--- START ---

lemma restrict_left_in_gelfand_space:
  assumes "chi \<in> \<sigma>C" "chi (a, 0) \<noteq> 0"
  shows "(\<lambda>a. chi (a, 0)) \<in> \<sigma>A"
  using amal_gelfand_spaceD[OF assms(1) ideal_zero ideal_zero] assms(2)
  by (intro gelfand_spaceI[of UNIV _ _ _ _ a]) simp_all

lemma restrict_right_in_gelfand_space:
  assumes "chi \<in> \<sigma>C" "j \<in> I" "chi (0, j) \<noteq> 0"
  shows "(\<lambda>i. if i \<in> I then chi (0, i) else 0) \<in> \<sigma>I"
  using amal_gelfand_spaceD(1,3)[OF assms(1), where a=0 and a'=0]
    amal_gelfand_spaceD(2)[OF assms(1) _ assms(2), where a=0] assms(2,3)
  by (intro gelfand_spaceI[of I _ _ _ _ j]) (simp_all add: ideal_add ideal_scaleC ideal_mult_right)

lemma lift_left_in_gelfand_space:
  assumes "phi \<in> \<sigma>A"
  shows "(\<lambda>(a, i). if i \<in> I then phi a else 0) \<in> \<sigma>C"
proof -
  obtain a where "phi a \<noteq> 0" using gelfand_spaceD(4)[OF assms] by blast
  then show ?thesis
    using gelfand_spaceD(1-3)[OF assms]
    by (intro amal_gelfand_spaceI[where i=0 and a=a])
      (simp_all add: ideal_zero ideal_add ideal_scaleC amal_mult_in_ideal)
qed

lemma radical_amal_Pair_left: "a \<in> radA \<Longrightarrow> (a, 0) \<in> radC"
  unfolding radical_def using restrict_left_in_gelfand_space ideal_zero by fastforce

lemma radical_amal_Pair_right: "i \<in> radI \<Longrightarrow> (0, i) \<in> radC"
  unfolding radical_def using restrict_right_in_gelfand_space by fastforce

lemma radical_amal_fst: "(a, i) \<in> radC \<Longrightarrow> a \<in> radA"
  unfolding radical_def using lift_left_in_gelfand_space by fastforce

lemma commute_of_amal_commute:
  assumes "\<forall>x\<in>amal_carrier I. \<forall>y\<in>amal_carrier I. amal_mult \<theta> x y = amal_mult \<theta> y x"
    and "i \<in> I" "j \<in> I"
  shows "i * j = j * i" and "\<theta> a * i = i * \<theta> a"
  using assms(1)[rule_format, of "(0, i)" "(0, j)"] assms(1)[rule_format, of "(a, 0)" "(0, i)"]
    assms(2,3) ideal_zero
  by (simp_all add: amal_mult_def)

end

locale commutative_amalgamation = amalgamation +
  assumes ideal_commute: "i \<in> I \<Longrightarrow> j \<in> I \<Longrightarrow> i * j = j * i"
    and theta_commute: "i \<in> I \<Longrightarrow> \<theta> a * i = i * \<theta> a"
begin

text \<open>Since \<open>I\<close> is commutative, a character \<open>\<psi>\<close> of \<open>I\<close> turns multiplication by \<open>\<theta> a\<close> into
  multiplication by a scalar.\<close>
lemma character_theta_action:
  assumes "psi \<in> \<sigma>I" "j \<in> I" "psi j \<noteq> 0" "k \<in> I"
  shows "psi (\<theta> a * k) = psi (\<theta> a * j) / psi j * psi k"
proof -
  note mult = gelfand_spaceD(3)[OF assms(1)]
  have "psi (\<theta> a * k) * psi j = psi (\<theta> a * k * j)"
    using assms(2,4) by (simp add: mult ideal_mult_left)
  also have "\<theta> a * k * j = \<theta> a * j * k"
    using ideal_commute[OF assms(4,2)] by (simp add: mult.assoc)
  also have "psi (\<theta> a * j * k) = psi (\<theta> a * j) * psi k"
    using assms(2,4) by (simp add: mult ideal_mult_left)
  finally show ?thesis using assms(3) by (simp add: field_simps)
qed

lemma lift_right_in_gelfand_space:
  assumes psi: "psi \<in> \<sigma>I" and j: "j \<in> I" "psi j \<noteq> 0"
  shows "(\<lambda>(a, i). if i \<in> I then psi (\<theta> a * j) / psi j + psi i else 0) \<in> \<sigma>C"
proof -
  define eig where "eig a = psi (\<theta> a * j) / psi j" for a
  note add = gelfand_spaceD(1)[OF psi] and scal = gelfand_spaceD(2)[OF psi]
    and mult = gelfand_spaceD(3)[OF psi]
  have action: "psi (\<theta> a * k) = eig a * psi k" if "k \<in> I" for a k
    unfolding eig_def using character_theta_action[OF psi j that] .
  have eig_add: "eig (a + a') = eig a + eig a'" for a a'
    using j by (simp add: eig_def theta_add distrib_right add ideal_mult_left add_divide_distrib)
  have eig_scal: "eig (scaleC c a) = c * eig a" for c a
    using j by (simp add: eig_def theta_scaleC mult_scaleC_left scal ideal_mult_left)
  have eig_mult: "eig (a * a') = eig a * eig a'" for a a'
    using action[of "\<theta> a' * j" a] j by (simp add: eig_def theta_mult mult.assoc ideal_mult_left)
  have eig_zero: "eig 0 = 0"
    using eig_add[of 0 0] by simp
  have psi_zero: "psi 0 = 0"
    using add[OF ideal_zero ideal_zero] by simp
  define chi where "chi = (\<lambda>(a, i). if i \<in> I then eig a + psi i else 0)"
  have "chi \<in> \<sigma>C"
  proof (rule amal_gelfand_spaceI[where i=j and a=0])
    fix a a' i i' assume i: "i \<in> I" "i' \<in> I"
    have "psi (\<theta> a * i' + i * \<theta> a' + i * i') = eig a * psi i' + eig a' * psi i + psi i * psi i'"
      using i theta_commute[OF i(1), of a', symmetric]
      by (simp add: add mult action ideal_add ideal_mult_left ideal_mult_right)
    then show "chi (a * a', \<theta> a * i' + i * \<theta> a' + i * i') = chi (a, i) * chi (a', i')"
      using i amal_mult_in_ideal[OF i, of a a'] by (simp add: chi_def eig_mult algebra_simps)
  qed (use j in \<open>auto simp: chi_def eig_add eig_scal eig_zero psi_zero add scal ideal_add
        ideal_scaleC algebra_simps\<close>)
  then show ?thesis unfolding chi_def eig_def .
qed

lemma radical_amal_snd: "(0, i) \<in> radC \<Longrightarrow> i \<in> radI"
proof -
  assume rad: "(0, i) \<in> radC"
  have "psi i = 0" if psi: "psi \<in> \<sigma>I" for psi
  proof -
    obtain j where j: "j \<in> I" "psi j \<noteq> 0" using gelfand_spaceD(4)[OF psi] by blast
    have "psi 0 = 0" using gelfand_spaceD(1)[OF psi ideal_zero ideal_zero] by simp
    then show ?thesis
      using rad lift_right_in_gelfand_space[OF psi j] unfolding radical_def by fastforce
  qed
  then show ?thesis using rad unfolding radical_def by simp
qed

lemma radical_amal_trivial_iff: "radC \<subseteq> {(0, 0)} \<longleftrightarrow> radA \<subseteq> {0} \<and> radI \<subseteq> {0}"
proof
  assume "radC \<subseteq> {(0, 0)}"
  then show "radA \<subseteq> {0} \<and> radI \<subseteq> {0}"
    using radical_amal_Pair_left radical_amal_Pair_right by blast
next
  assume "radA \<subseteq> {0} \<and> radI \<subseteq> {0}"
  then show "radC \<subseteq> {(0, 0)}"
    using radical_amal_fst radical_amal_snd by fastforce
qed

end

theorem corollary5p4:
  fixes \<theta> :: "'a::complex_banach_algebra \<Rightarrow> 'b::complex_banach_algebra"
    and I :: "'b set"
  assumes hom: "algebra_hom \<theta>"
    and norm_le: "\<forall>a. norm (\<theta> a) \<le> norm a"
    and ideal: "closed_ideal I"
    and comm: "\<forall>x\<in>amal_carrier I. \<forall>y\<in>amal_carrier I. amal_mult \<theta> x y = amal_mult \<theta> y x"
    and sigmaA: "gelfand_space (UNIV :: 'a set) (+) scaleC (*) \<noteq> {}"
    and dense: "closure (cspan {\<theta> a * i | a i. i \<in> I}) = I"
  shows "semisimple (amal_carrier I) (0, 0) amal_add amal_scal (amal_mult \<theta>) \<longleftrightarrow>
           semisimple (UNIV :: 'a set) 0 (+) scaleC (*) \<and> semisimple I 0 (+) scaleC (*)"
proof -
  interpret amalgamation \<theta> I
    using hom ideal by unfold_locales (auto simp: algebra_hom_def closed_ideal_def linear_simps)
  interpret commutative_amalgamation \<theta> I
    using commute_of_amal_commute[OF comm] by unfold_locales
  have "semisimple (amal_carrier I) (0, 0) amal_add amal_scal (amal_mult \<theta>) \<longleftrightarrow>
      radC \<subseteq> {(0, 0)}"
    by (rule semisimple_iff_radical_subset) (simp_all add: ideal_zero amal_add_def)
  moreover have "semisimple (UNIV :: 'a set) 0 (+) scaleC (*) \<longleftrightarrow> radA \<subseteq> {0}"
    by (rule semisimple_iff_radical_subset) simp_all
  moreover have "semisimple I 0 (+) scaleC (*) \<longleftrightarrow> radI \<subseteq> {0}"
    by (rule semisimple_iff_radical_subset) (simp_all add: ideal_zero)
  moreover note radical_amal_trivial_iff
  ultimately show ?thesis by simp
qed

end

--- END ---

_YOUR GOAL_
Every line of the records that includes the word "moreover" should be gathered.

_EXERCISE ANSWER_
  moreover have "semisimple (UNIV :: 'a set) 0 (+) scaleC (*) \<longleftrightarrow> radA \<subseteq> {0}"
  moreover have "semisimple I 0 (+) scaleC (*) \<longleftrightarrow> radI \<subseteq> {0}"
  moreover note radical_amal_trivial_iff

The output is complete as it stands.